Assigned task: Produce word for word the lines of the data below running from the one that has "section \<open>The transvections" to the one that has "Suc (nat (l", inclusive, and no others.

BEGIN

lemma extend_scons:
  assumes "reduced w"
  shows "extend_syllables \<phi> (scons s w) = f2_mult (\<phi> s) (extend_syllables \<phi> w)"
proof -
  obtain g e where s: "s = (g, e)" by fastforce
  show ?thesis
  proof (cases w)
    case Nil
    then show ?thesis using s image_zero by (simp add: f2_mult_Nil_right reduced_image)
  next
    case (Cons t w')
    obtain h d where t: "t = (h, d)" by fastforce
    have "f2_mult (\<phi> (g, e)) (f2_mult (\<phi> (g, d)) (extend_syllables \<phi> w'))
        = f2_mult (\<phi> (g, e + d)) (extend_syllables \<phi> w')"
      using f2_mult_assoc[OF reduced_image reduced_extend] image_add by simp
    then show ?thesis using Cons s t image_zero by auto
  qed
qed

lemma extend_mult:
  "reduced y \<Longrightarrow> extend_syllables \<phi> (f2_mult x y) = f2_mult (extend_syllables \<phi> x) (extend_syllables \<phi> y)"
  by (induction x)
     (simp_all add: extend_scons reduced_f2_mult f2_mult_assoc reduced_image reduced_extend)

end

section \<open>The transvections \<open>a \<mapsto> a, b \<mapsto> b a\<^sup>q\<close>\<close>

text \<open>\<open>ba_pow q l\<close> is the normal form of \<open>(b a\<^sup>q)\<^sup>l\<close> for \<open>q \<noteq> 0\<close>.\<close>

definition ba_pow :: "int \<Rightarrow> int \<Rightarrow> f2word" where
  "ba_pow q l = (if 0 \<le> l then concat (replicate (nat l) [(False, 1), (True, q)])
                 else concat (replicate (nat (- l)) [(True, - q), (False, - 1)]))"

lemma ba_pow_0 [simp]: "ba_pow q 0 = []"
  by (simp add: ba_pow_def)

lemma ba_pow_pos:
  assumes "0 < l"
  shows "ba_pow q l = (False, 1) # (True, q) # ba_pow q (l - 1)"
proof -
  have "nat l = Suc (nat (l - 1))" using assms by simp
  then show ?thesis using assms by (simp add: ba_pow_def)
qed

lemma ba_pow_neg:
  assumes "l < 0"
  shows "ba_pow q l = (True, - q) # (False, - 1) # ba_pow q (l + 1)"
proof -
  have "nat (- l) = Suc (nat (- (l + 1)))" using assms by simp
  then show ?thesis using assms by (simp add: ba_pow_def)
qed

lemma reduced_ba_pow: "q \<noteq> 0 \<Longrightarrow> reduced (ba_pow q l)"
proof (induction l rule: int_induct[where k = 0])
  case (step1 i)
  then show ?case
    using ba_pow_pos[of "i + 1" q] by (cases "i = 0") (auto simp: reduced_Cons ba_pow_pos)
next
  case (step2 i)
  then show ?case
    using ba_pow_neg[of "i - 1" q] by (cases "i = 0") (auto simp: reduced_Cons ba_pow_neg)
qed simp

lemma ba_pow_succ:
  assumes q: "q \<noteq> 0"
  shows "ba_pow q (l + 1) = scons (False, 1) (scons (True, q) (ba_pow q l))"
proof (cases "0 \<le> l")
  case True
  have "scons (True, q) (ba_pow q l) = (True, q) # ba_pow q l"
    using q True ba_pow_pos[of l q] by (cases "l = 0") simp_all
  then show ?thesis using True ba_pow_pos[of "l + 1" q] by simp
next
  case False
  then show ?thesis using q ba_pow_neg[of l q] by simp
qed

lemma ba_pow_pred:
  assumes q: "q \<noteq> 0"
  shows "ba_pow q (l - 1) = scons (True, - q) (scons (False, - 1) (ba_pow q l))"
proof (cases "l \<le> 0")
  case True
  have "scons (False, - 1) (ba_pow q l) = (False, - 1) # ba_pow q l"
    using True ba_pow_neg[of l q] by (cases "l = 0") simp_all
  then show ?thesis using q True ba_pow_neg[of "l - 1" q] by simp
next
  case False
  then show ?thesis using q ba_pow_pos[of l q] by simp
qed

lemma ba_pow_add:
  assumes q: "q \<noteq> 0"
  shows "ba_pow q (e + d) = f2_mult (ba_pow q e) (ba_pow q d)"
proof (induction e rule: int_induct[where k = 0])
  case (step1 i)
  have "ba_pow q (i + 1 + d) = scons (False, 1) (scons (True, q) (ba_pow q (i + d)))"
    using ba_pow_succ[OF q, of "i + d"] by (simp add: algebra_simps)
  then show ?case
    using step1 q by (simp add: ba_pow_succ f2_mult_scons reduced_ba_pow reduced_scons)
next
  case (step2 i)
  have "ba_pow q (i - 1 + d) = scons (True, - q) (scons (False, - 1) (ba_pow q (i + d)))"
    using ba_pow_pred[OF q, of "i + d"] by (simp add: algebra_simps)
  then show ?case
    using step2 q by (simp add: ba_pow_pred f2_mult_scons reduced_ba_pow reduced_scons)
qed simp

definition transvection_syllable :: "int \<Rightarrow> bool \<times> int \<Rightarrow> f2word" where
  "transvection_syllable q s = (if fst s then scons s [] else ba_pow q (snd s))"

lemma transvection_syllable_a [simp]: "transvection_syllable q (True, e) = scons (True, e) []"
  and transvection_syllable_b [simp]: "transvection_syllable q (False, l) = ba_pow q l"
  by (simp_all add: transvection_syllable_def)

definition transvection :: "int \<Rightarrow> f2word \<Rightarrow> f2word" where
  "transvection q = restrict (extend_syllables (transvection_syllable q)) (carrier F2)"

lemma syllable_hom_transvection: "q \<noteq> 0 \<Longrightarrow> syllable_hom (transvection_syllable q)"
  by unfold_locales
     (auto simp: transvection_syllable_def reduced_ba_pow ba_pow_add reduced_Cons)

lemma extend_transvection_ba_pow:
  assumes q: "q \<noteq> 0"
  shows "extend_syllables (transvection_syllable (- q)) (ba_pow q l) = scons (False, l) []"
proof -
  interpret syllable_hom "transvection_syllable (- q)"
    using q by (simp add: syllable_hom_transvection)
  show ?thesis
  proof (induction l rule: int_induct[where k = 0])
    case (step1 i)
    then show ?case
      using q ba_pow_pos[of 1 "- q"]
      by (simp add: ba_pow_succ extend_scons reduced_scons reduced_ba_pow scons_scons_same)
  next
    case (step2 i)
    then show ?case
      using q ba_pow_neg[of "- 1" "- q"]
      by (simp add: ba_pow_pred extend_scons reduced_scons reduced_ba_pow scons_scons_same)
  qed simp
qed

lemma extend_transvection_inverse:
  assumes q: "q \<noteq> 0" and x: "reduced x"
  shows "extend_syllables (transvection_syllable (- q)) (extend_syllables (transvection_syllable q) x) = x"
  using x
proof (induction x)
  case (Cons s x)
  interpret inverse: syllable_hom "transvection_syllable (- q)"
    using q by (simp add: syllable_hom_transvection)
  interpret syllable_hom "transvection_syllable q"
    using q by (simp add: syllable_hom_transvection)
  have "extend_syllables (transvection_syllable (- q)) (transvection_syllable q s) = scons s []"
    using extend_transvection_ba_pow[OF q] by (cases s; cases "fst s") simp_all
  then show ?case
    using Cons by (cases s) (simp add: inverse.extend_mult reduced_extend reduced_Cons scons_reduced_Cons)
qed simp

lemma transvection_closed: "q \<noteq> 0 \<Longrightarrow> x \<in> carrier F2 \<Longrightarrow> transvection q x \<in> carrier F2"
  using syllable_hom.reduced_extend[OF syllable_hom_transvection]
  by (simp add: transvection_def carrier_F2)

lemma transvection_inverse:
  "q \<noteq> 0 \<Longrightarrow> x \<in> carrier F2 \<Longrightarrow> transvection (- q) (transvection q x) = x"
  using transvection_closed[of q x] by (simp add: transvection_def carrier_F2 extend_transvection_inverse)

lemma transvection_hom: "q \<noteq> 0 \<Longrightarrow> transvection q \<in> hom F2 F2"
  using syllable_hom.extend_mult[OF syllable_hom_transvection]
    syllable_hom.reduced_extend[OF syllable_hom_transvection]
  by (intro homI) (simp_all add: transvection_closed transvection_def carrier_F2 mult_F2 reduced_f2_mult)

lemma transvection_Aut:
  assumes q: "q \<noteq> 0"
  shows "transvection q \<in> Aut"
proof -
  have "bij_betw (transvection q) (carrier F2) (carrier F2)"
    using q transvection_inverse[of "- q"]
    by (intro bij_betwI[where g = "transvection (- q)"]) (simp_all add: transvection_closed transvection_inverse)
  then show ?thesis
    using transvection_hom[OF q] by (simp add: Aut_def iso_def transvection_def)
qed

lemma inv_into_transvection:
  assumes q: "q \<noteq> 0" and x: "x \<in> carrier F2"
  shows "inv_into (carrier F2) (transvection q) x = transvection (- q) x"
proof (rule inv_into_f_eq)
  show "inj_on (transvection q) (carrier F2)"
    using q by (metis inj_onI transvection_inverse)
  show "transvection (- q) x \<in> carrier F2" "transvection q (transvection (- q) x) = x"
    using q x transvection_closed transvection_inverse[of "- q"] by simp_all
qed

section \<open>Transvections by a period of \<open>f\<^sub>A\<close> fix \<open>f\<^sub>A * 0\<close>\<close>

definition lead_a_exp :: "f2word \<Rightarrow> int" where
  "lead_a_exp w = (case w of [] \<Rightarrow> 0 | s # _ \<Rightarrow> (if fst s then snd s else 0))"

definition first_b_sign :: "f2word \<Rightarrow> int" where
  "first_b_sign w = (case dropWhile fst w of [] \<Rightarrow> 0 | s # _ \<Rightarrow> sgn (snd s))"

lemma lead_a_exp_simps [simp]:
  "lead_a_exp [] = 0" "lead_a_exp ((True, k) # w) = k" "lead_a_exp ((False, l) # w) = 0"
  by (simp_all add: lead_a_exp_def)

lemma first_b_sign_simps [simp]:
  "first_b_sign [] = 0" "first_b_sign ((True, k) # w) = first_b_sign w"
  "first_b_sign ((False, l) # w) = sgn l"
  by (simp_all add: first_b_sign_def)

END

Output below:
section \<open>The transvections \<open>a \<mapsto> a, b \<mapsto> b a\<^sup>q\<close>\<close>

text \<open>\<open>ba_pow q l\<close> is the normal form of \<open>(b a\<^sup>q)\<^sup>l\<close> for \<open>q \<noteq> 0\<close>.\<close>

definition ba_pow :: "int \<Rightarrow> int \<Rightarrow> f2word" where
  "ba_pow q l = (if 0 \<le> l then concat (replicate (nat l) [(False, 1), (True, q)])
                 else concat (replicate (nat (- l)) [(True, - q), (False, - 1)]))"

lemma ba_pow_0 [simp]: "ba_pow q 0 = []"
  by (simp add: ba_pow_def)

lemma ba_pow_pos:
  assumes "0 < l"
  shows "ba_pow q l = (False, 1) # (True, q) # ba_pow q (l - 1)"
proof -
  have "nat l = Suc (nat (l - 1))" using assms by simp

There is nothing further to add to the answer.